Task directions ::
Across the listing below, how many lines contain the string "exists"? Only the number is needed.

Extracted records ::
(* Let $\mathbb F(2,3;5)$ be the manifold of partial flags $X\subset Y\subset\mathbb C^5$ with $\dim X=2$, $\dim Y=3$. Set $a=K_2(4)$, $b=K_2(1)$, $c=K_2(-5)$, $A=K_3(0)$, $B=K_3(3)$, $C=K_3(-1)$. Then there are exactly four flags $X\subset Y$ in $\mathbb F(2,3;5)$ such that $X$ meets each of $a,B,C$ nontrivially, $\dim(Y\cap A)\ge2$, and $Y$ meets each of $b,c$ nontrivially; exactly two of these four flags are real and the other two are not real.
   Context: For $s\in\mathbb C$, $K_i(s)\subset\mathbb C^5$ denotes the row span of the first $i$ rows of the $5\times5$ matrix with $(i,j)$ entry $\binom{j-1}{i-1}s^{j-i}$ (zero for $j<i$); this is the $i$-dimensional subspace osculating the rational normal curve $\gamma(s)=(1,s,s^2,s^3,s^4)$ at $\gamma(s)$. "Meets nontrivially" means the intersection is not $\{0\}$. A flag is real if both subspaces are spanned by real vectors. *)

theory Defs
  imports "HOL-Analysis.Analysis"
begin

text \<open>Row r (0-indexed, r < 5) of the 5x5 matrix with (i,j) entry
  binom(j-1,i-1) s^(j-i) (zero for j < i), with 1-indexed i = r+1, j = c+1.\<close>
definition osc_row :: "nat \<Rightarrow> complex \<Rightarrow> complex ^ 5" where
  "osc_row r s = vector (map (\<lambda>c. if r \<le> c then of_nat (c choose r) * s ^ (c - r) else 0) [0..<5])"

definition K :: "nat \<Rightarrow> complex \<Rightarrow> (complex ^ 5) set" where
  "K i s = vec.span {osc_row r s | r. r < i}"

definition meets :: "(complex ^ 5) set \<Rightarrow> (complex ^ 5) set \<Rightarrow> bool" where
  "meets U V \<longleftrightarrow> U \<inter> V \<noteq> {0}"

definition real_subspace :: "(complex ^ 5) set \<Rightarrow> bool" where
  "real_subspace U \<longleftrightarrow> (\<exists>S. (\<forall>v\<in>S. \<forall>j. Im (v $ j) = 0) \<and> U = vec.span S)"

definition flag23 :: "(complex ^ 5) set \<Rightarrow> (complex ^ 5) set \<Rightarrow> bool" where
  "flag23 X Y \<longleftrightarrow> vec.subspace X \<and> vec.subspace Y \<and> X \<subseteq> Y \<and> vec.dim X = 2 \<and> vec.dim Y = 3"

end

theory Submission
  imports Defs
begin

text \<open>
  Since Y meets K_3(0) = {v. v_4 = v_5 = 0} in dimension at least two, the last two coordinates
  of the vectors of Y are proportional, i.e. Y lies in a hyperplane a v_5 = b v_4. Each tangent
  line K_2(s), s \<noteq> 0, meets that hyperplane in a single point, so Y is spanned by the points
  for s = 1, -5, 4, and X contains the point for s = 4. Inside Y the planes K_3(3) and K_3(-1)
  also cut out single points, which must lie in the 2-plane X. The linear dependence of these
  three points of X is a condition of degree seven on (a : b) which forces a \<noteq> 0 and makes
  t = b / a a root of the quartic 31 t^4 + 54 t^3 - 201 t^2 - 2464 t + 3840; conversely every
  root gives a solution, and distinct roots give distinct flags. By the intermediate value
  theorem the quartic has two real roots; its remaining quadratic factor has negative
  discriminant. Finally the flag is real exactly when t is: Y lies in the hyperplane
  v_5 = t v_4, and a real subspace is closed under complex conjugation.
\<close>

section \<open>Linear algebra in coordinates\<close>

lemma exhaust_5:
  fixes x :: 5
  shows "x = 1 \<or> x = 2 \<or> x = 3 \<or> x = 4 \<or> x = 5"
proof (induct x)
  case (of_int z)
  then have "z = 0 \<or> z = 1 \<or> z = 2 \<or> z = 3 \<or> z = 4" by fastforce
  then show ?case by auto
qed

lemma forall_5: "(\<forall>i::5. P i) \<longleftrightarrow> P 1 \<and> P 2 \<and> P 3 \<and> P 4 \<and> P 5"
  by (metis exhaust_5)

lemma vector_5 [simp]:
  "(vector [x1, x2, x3, x4, x5] :: ('a::zero)^5) $ 1 = x1"
  "(vector [x1, x2, x3, x4, x5] :: ('a::zero)^5) $ 2 = x2"
  "(vector [x1, x2, x3, x4, x5] :: ('a::zero)^5) $ 3 = x3"
  "(vector [x1, x2, x3, x4, x5] :: ('a::zero)^5) $ 4 = x4"
  "(vector [x1, x2, x3, x4, x5] :: ('a::zero)^5) $ 5 = x5"
  unfolding vector_def by simp_all

lemma vec_eq_5I:
  fixes x y :: "'a^5"
  assumes "x $ 1 = y $ 1" "x $ 2 = y $ 2" "x $ 3 = y $ 3" "x $ 4 = y $ 4" "x $ 5 = y $ 5"
  shows "x = y"
  using assms by (simp add: vec_eq_iff forall_5)

lemma mem_vec_span_2_iff:
  "x \<in> vec.span {p, q} \<longleftrightarrow> (\<exists>c d. x = c *s p + d *s q)"
proof -
  have "x \<in> vec.span {p, q} \<longleftrightarrow> (\<exists>c d. x - c *s p - d *s q = 0)"
    by (simp add: vec.span_insert)
  then show ?thesis
    by (simp add: diff_diff_eq)
qed

lemma mem_vec_span_3_iff:
  "x \<in> vec.span {p, q, r} \<longleftrightarrow> (\<exists>c d e. x = c *s p + d *s q + e *s r)"
proof -
  have "x \<in> vec.span {p, q, r} \<longleftrightarrow> (\<exists>c d e. x - c *s p - d *s q - e *s r = 0)"
    by (simp add: vec.span_insert)
  then show ?thesis
    by (simp add: diff_diff_eq add.assoc)
qed

lemma vec_subspace_scale_iff:
  assumes "vec.subspace S" "c \<noteq> 0"
  shows "c *s x \<in> S \<longleftrightarrow> x \<in> S"
  using vec.subspace_scale[OF assms(1), of "c *s x" "inverse c"] vec.subspace_scale[OF assms(1)] assms(2)
  by auto

definition lin_indep2 :: "'a::field^'n \<Rightarrow> 'a^'n \<Rightarrow> bool" where
  "lin_indep2 x y \<longleftrightarrow> (\<forall>c d. c *s x + d *s y = 0 \<longrightarrow> c = 0 \<and> d = 0)"

definition lin_indep3 :: "'a::field^'n \<Rightarrow> 'a^'n \<Rightarrow> 'a^'n \<Rightarrow> bool" where
  "lin_indep3 x y z \<longleftrightarrow>
     (\<forall>c d e. c *s x + d *s y + e *s z = 0 \<longrightarrow> c = 0 \<and> d = 0 \<and> e = 0)"

lemma lin_indep2_imp_independent:
  assumes "lin_indep2 x y"
  shows "vec.independent {x, y}" "card {x, y} = 2"
proof -
  have "x \<noteq> y"
    using assms[unfolded lin_indep2_def, rule_format, of 1 "-1"] by auto
  then show "vec.independent {x, y}" "card {x, y} = 2"
    using assms by (auto simp: vec.dependent_finite lin_indep2_def)
qed

lemma lin_indep3_imp_independent:
  assumes "lin_indep3 x y z"
  shows "vec.independent {x, y, z}" "card {x, y, z} = 3"
proof -
  have "x \<noteq> y" "x \<noteq> z" "y \<noteq> z"
    using assms[unfolded lin_indep3_def, rule_format, of 1 "-1" 0]
      assms[unfolded lin_indep3_def, rule_format, of 1 0 "-1"]
      assms[unfolded lin_indep3_def, rule_format, of 0 1 "-1"] by auto
  then show "vec.independent {x, y, z}" "card {x, y, z} = 3"
    using assms by (auto simp: vec.dependent_finite lin_indep3_def add.assoc)
qed

lemma vec_dim_ge_3:
  assumes "lin_indep3 x y z" "x \<in> V" "y \<in> V" "z \<in> V"
  shows "3 \<le> vec.dim V"
  using vec.independent_card_le_dim[of "{x, y, z}" V] lin_indep3_imp_independent[OF assms(1)] assms(2-4)
  by simp

lemma vec_dim_span_2: "lin_indep2 x y \<Longrightarrow> vec.dim (vec.span {x, y}) = 2"
  using lin_indep2_imp_independent vec.dim_span_eq_card_independent by metis

lemma vec_dim_span_3: "lin_indep3 x y z \<Longrightarrow> vec.dim (vec.span {x, y, z}) = 3"
  using lin_indep3_imp_independent vec.dim_span_eq_card_independent by metis

lemma vec_subspace_eq_span_2:
  assumes "vec.subspace V" "vec.dim V = 2" "x \<in> V" "y \<in> V" "lin_indep2 x y"
  shows "V = vec.span {x, y}"
  using assms lin_indep2_imp_independent[OF assms(5)]
  by (intro equalityI vec.card_ge_dim_independent vec.span_minimal) auto

lemma vec_subspace_eq_span_3:
  assumes "vec.subspace V" "vec.dim V = 3" "x \<in> V" "y \<in> V" "z \<in> V" "lin_indep3 x y z"
  shows "V = vec.span {x, y, z}"
  using assms lin_indep3_imp_independent[OF assms(6)]
  by (intro equalityI vec.card_ge_dim_independent vec.span_minimal) auto

definition minor2 :: "'a::comm_ring^'n \<Rightarrow> 'a^'n \<Rightarrow> 'n \<Rightarrow> 'n \<Rightarrow> 'a" where
  "minor2 x y i j = x $ i * y $ j - x $ j * y $ i"

definition minor3 :: "'a::comm_ring^'n \<Rightarrow> 'a^'n \<Rightarrow> 'a^'n \<Rightarrow> 'n \<Rightarrow> 'n \<Rightarrow> 'n \<Rightarrow> 'a" where
  "minor3 x y z i j k =
     x $ i * (y $ j * z $ k - y $ k * z $ j) - y $ i * (x $ j * z $ k - x $ k * z $ j)
       + z $ i * (x $ j * y $ k - x $ k * y $ j)"

lemma lin_indep2_if_minor2: "minor2 x y i j \<noteq> 0 \<Longrightarrow> lin_indep2 x y"
  unfolding lin_indep2_def
proof (intro allI impI)
  fix c d assume "minor2 x y i j \<noteq> 0" and "c *s x + d *s y = 0"
  then have "c * x $ i + d * y $ i = 0" "c * x $ j + d * y $ j = 0"
    by (metis vector_add_component vector_smult_component zero_index)+
  then have "c * minor2 x y i j = 0" "d * minor2 x y i j = 0"
    unfolding minor2_def by algebra+
  then show "c = 0 \<and> d = 0"
    using \<open>minor2 x y i j \<noteq> 0\<close> by simp
qed

lemma lin_indep3_if_minor3: "minor3 x y z i j k \<noteq> 0 \<Longrightarrow> lin_indep3 x y z"
  unfolding lin_indep3_def
proof (intro allI impI)
  fix c d e assume "minor3 x y z i j k \<noteq> 0" and "c *s x + d *s y + e *s z = 0"
  then have "c * x $ l + d * y $ l + e * z $ l = 0" for l
    by (metis vector_add_component vector_smult_component zero_index)
  from this[of i] this[of j] this[of k]
  have "c * minor3 x y z i j k = 0" "d * minor3 x y z i j k = 0" "e * minor3 x y z i j k = 0"
    unfolding minor3_def by (algebra, algebra, algebra)
  then show "c = 0 \<and> d = 0 \<and> e = 0"
    using \<open>minor3 x y z i j k \<noteq> 0\<close> by simp
qed

lemma minor3_eq_0_if_dim_2:
  assumes "vec.dim V = 2" "x \<in> V" "y \<in> V" "z \<in> V"
  shows "minor3 x y z i j k = 0"
  using vec_dim_ge_3[OF lin_indep3_if_minor3 assms(2-4)] assms(1) by fastforce

text \<open>If y broke the proportionality, x and y would add two dimensions to Y \<inter> A.\<close>
lemma coordinate_pairs_proportional:
  fixes Y :: "('a::field^'n) set" and i j :: 'n
  defines "A \<equiv> {v. v $ i = 0 \<and> v $ j = 0}"
  assumes Y: "vec.subspace Y" "vec.dim Y \<le> vec.dim (Y \<inter> A) + 1"
    and x: "x \<in> Y" "x \<notin> A" and y: "y \<in> Y"
  shows "x $ i * y $ j = x $ j * y $ i"
proof (rule ccontr)
  assume nonprop: "x $ i * y $ j \<noteq> x $ j * y $ i"
  define H where "H = {v. x $ i * v $ j = x $ j * v $ i}"
  have "vec.subspace H" "vec.subspace A"
    by (auto simp: H_def A_def vec.subspace_def algebra_simps)
  have "vec.subspace (Y \<inter> A)"
    using Y(1) \<open>vec.subspace A\<close> by (rule vec.subspace_inter)
  then have "x \<notin> vec.span (Y \<inter> A)"
    using x(2) by (metis IntD2 vec.span_eq_iff)
  moreover have "vec.span (insert x (Y \<inter> A)) \<subseteq> H"
    using \<open>vec.subspace H\<close> by (intro vec.span_minimal) (auto simp: H_def A_def mult.commute)
  then have "y \<notin> vec.span (insert x (Y \<inter> A))"
    using nonprop by (auto simp: H_def)
  ultimately have "vec.dim (insert y (insert x (Y \<inter> A))) = vec.dim (Y \<inter> A) + 2"
    by (simp add: vec.dim_insert)
  moreover have "vec.dim (insert y (insert x (Y \<inter> A))) \<le> vec.dim Y"
    using x y by (intro vec.dim_subset) auto
  ultimately show False
    using Y(2) by simp
qed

Result ::
5